Source:https://www.mdpi.com/2076-393X/9/7/693/htm

Now obviously this all hinges on the deaths reported in the adverse reaction data base to be causal, but even if they aren't, doesn't this put these vaccines in comparison to other vaccines in a bad light, or is this completely normal for most vaccines?

user1721135
  • 2,706
  • 4
  • 17
  • 24
  • Comments are not for extended discussion; this conversation has been [moved to chat](https://chat.stackexchange.com/rooms/127182/discussion-on-question-by-user1721135-do-covid-19-vaccines-cause-two-deaths-for). Please do NOT start discussion up again here - take it to chat. – Oddthinking Jul 04 '21 at 21:08
  • 4
    Currently in too much pain and not enough energy to make a full answer, but the paper making this claim has been retracted: https://retractionwatch.com/2021/07/02/journal-retracts-paper-claiming-two-deaths-from-covid-19-vaccination-for-every-three-prevented-cases/ – Shadur Jul 05 '21 at 14:37
  • 3
    (Secifically, the journal found some serious flaws in its methodology, asked the authors to clarify and found the subsequent explanation lacking) – Shadur Jul 05 '21 at 14:50
  • 2
    Somewhat disturbingly *Science* recounts (in article published yesterday) how that paper sailed through peer review... https://science.sciencemag.org/content/373/6551/147 – Fizz Jul 10 '21 at 08:31

4 Answers4

192

A series of comments on the article's PubPeer appears to entirely invalidate the paper's conclusion; the paper commits several classic errors which have been previously discussed on skeptics.se.

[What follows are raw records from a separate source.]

(* Let $K$ be a global function field, fix a prime $\infty$ of $K$, let $\mathcal{O}$ be the ring of elements of $K$ regular at every prime other than $\infty$, and let $\mathbb{F}_q$ be the full constant field of $K$ (so $\mathcal{O}^*=\mathbb{F}_q^*$). Let $\phi\in\mathcal{O}[X]$ be a polynomial of degree $d\geqslant2$ with leading coefficient in $\mathcal{O}^*$. If $\mathrm{Per}(\phi,K)$ contains at least two fixed points and a cycle of length greater than $1$, then $\mathcal{P}=\mathrm{Per}(\phi,K)$ satisfies: $\phi(\mathcal{P})\subseteq\mathcal{P}$, and the differences $y-x$, with $(x,y)$ ranging over pairs of distinct elements of $\mathcal{P}$, are all equal up to multiplication by elements of $\mathbb{F}_q^*$.
   Context: A global function field is a finite extension of $\mathbb{F}_p(t)$; its full constant field is the algebraic closure of $\mathbb{F}_p$ in $K$. $\phi$ is viewed as a map $K\to K$; $\mathrm{Per}(\phi,K)$ is the set of $x\in K$ with $\phi^n(x)=x$ for some $n\geqslant1$; a cycle is the forward orbit of a periodic point and its length is its cardinality. *)

theory Defs
  imports "HOL-Computational_Algebra.Computational_Algebra"
begin

definition prime_subfield :: "'a::field set" where
  "prime_subfield = range of_int"

definition algebraic_over_prime :: "'a::field \<Rightarrow> bool" where
  "algebraic_over_prime x \<longleftrightarrow>
     (\<exists>f :: 'a poly. f \<noteq> 0 \<and> (\<forall>i. coeff f i \<in> prime_subfield) \<and> poly f x = 0)"

definition rat_fun_subfield :: "'a::field \<Rightarrow> 'a set" where
  "rat_fun_subfield t = {poly f t / poly g t | f g.
      (\<forall>i. coeff f i \<in> prime_subfield) \<and> (\<forall>i. coeff g i \<in> prime_subfield) \<and> poly g t \<noteq> 0}"
(* Consider all equations $i\psi_t+\psi_{xx}+|\psi|^\gamma\psi+V(t,x)\psi=0$, with $\gamma$ ranging over nonzero reals and $V$ over arbitrary smooth complex-valued functions. The intersection of their maximal Lie invariance algebras $A^{\max}(\gamma,V)$ (the kernel algebra of the class) is the one-dimensional algebra $\langle M\rangle$, where $M=i(\psi\partial_\psi-\psi^*\partial_{\psi^*})$.
   Context: $\psi(t,x)$ is a complex unknown function. Lie symmetries are vector fields on the space of $(t,x,\psi,\psi^* )$, with $\psi^*$ (complex conjugate) treated as an independent variable. $A^{\max}(\gamma,V)$ denotes the Lie algebra of all vector fields generating local point symmetries of the given equation. *)

theory Defs
  imports "HOL-Analysis.Analysis"
begin

definition dirder :: "'a::real_normed_vector \<Rightarrow> ('a \<Rightarrow> 'b::real_normed_vector) \<Rightarrow> 'a \<Rightarrow> 'b" where
  "dirder b f p = vector_derivative (\<lambda>s::real. f (p + s *\<^sub>R b)) (at 0)"

definition Cinf_on :: "'a::euclidean_space set \<Rightarrow> ('a \<Rightarrow> 'b::real_normed_vector) \<Rightarrow> bool" where
  "Cinf_on S f \<longleftrightarrow>
     (\<forall>bs. set bs \<subseteq> Basis \<longrightarrow>
        continuous_on S (foldr dirder bs f) \<and>
        (\<forall>b\<in>Basis. \<forall>p\<in>S. (\<lambda>s::real. foldr dirder bs f (p + s *\<^sub>R b)) differentiable (at 0)))"

section \<open>Space of (t, x, u, v), psi = u + i v\<close>

type_synonym pt = "real \<times> real \<times> real \<times> real"

definition Omega :: "pt set" where
  "Omega = {(t, x, u, v). (u, v) \<noteq> (0, 0)}"

text \<open>Vector fields Q = tau d_t + xi d_x + etaU d_u + etaV d_v, as maps pt => pt.\<close>
definition tau :: "(pt \<Rightarrow> pt) \<Rightarrow> pt \<Rightarrow> real" where "tau Q p = fst (Q p)"
definition xi :: "(pt \<Rightarrow> pt) \<Rightarrow> pt \<Rightarrow> real" where "xi Q p = fst (snd (Q p))"
definition etaU :: "(pt \<Rightarrow> pt) \<Rightarrow> pt \<Rightarrow> real" where "etaU Q p = fst (snd (snd (Q p)))"
definition etaV :: "(pt \<Rightarrow> pt) \<Rightarrow> pt \<Rightarrow> real" where "etaV Q p = snd (snd (snd (Q p)))"

text \<open>M = i(psi d_psi - psi* d_psi*) = -v d_u + u d_v.\<close>
definition M_field :: "pt \<Rightarrow> pt" where
  "M_field p = (case p of (t, x, u, v) \<Rightarrow> (0, 0, - v, u))"

record jet =
  jt :: real  jx :: real  ju :: real  jv :: real
  jut :: real  jvt :: real  jux :: real  jvx :: real
  jutt :: real  jutx :: real  juxx :: real
  jvtt :: real  jvtx :: real  jvxx :: real

definition base :: "jet \<Rightarrow> pt" where
  "base J = (jt J, jx J, ju J, jv J)"

definition lift :: "(pt \<Rightarrow> real) \<Rightarrow> jet \<Rightarrow> real" where
  "lift F J = F (base J)"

First is misuse of adverse event databases, exactly as discussed here. These sorts of adverse event databases do not establish causality; it is simply a list of all the times people have reported to have been affected shortly after getting a vaccine. The database used by the authors specifically states that it cannot be used this way.

Second, a risk-reward comparison for vaccination invariably suffers from its own success.

As an absurd example, before SARS-CoV-2 had been transmitted to the U.S., the US had a 0% mortality rate from SARS-CoV-2. If the entire U.S. was then vaccinated at a 0.01% rate of serious adverse events, some 32,800 people would die and practically none from the virus, for a risk-reward ratio of infinity. This ignores the 619,000 people who would otherwise have died.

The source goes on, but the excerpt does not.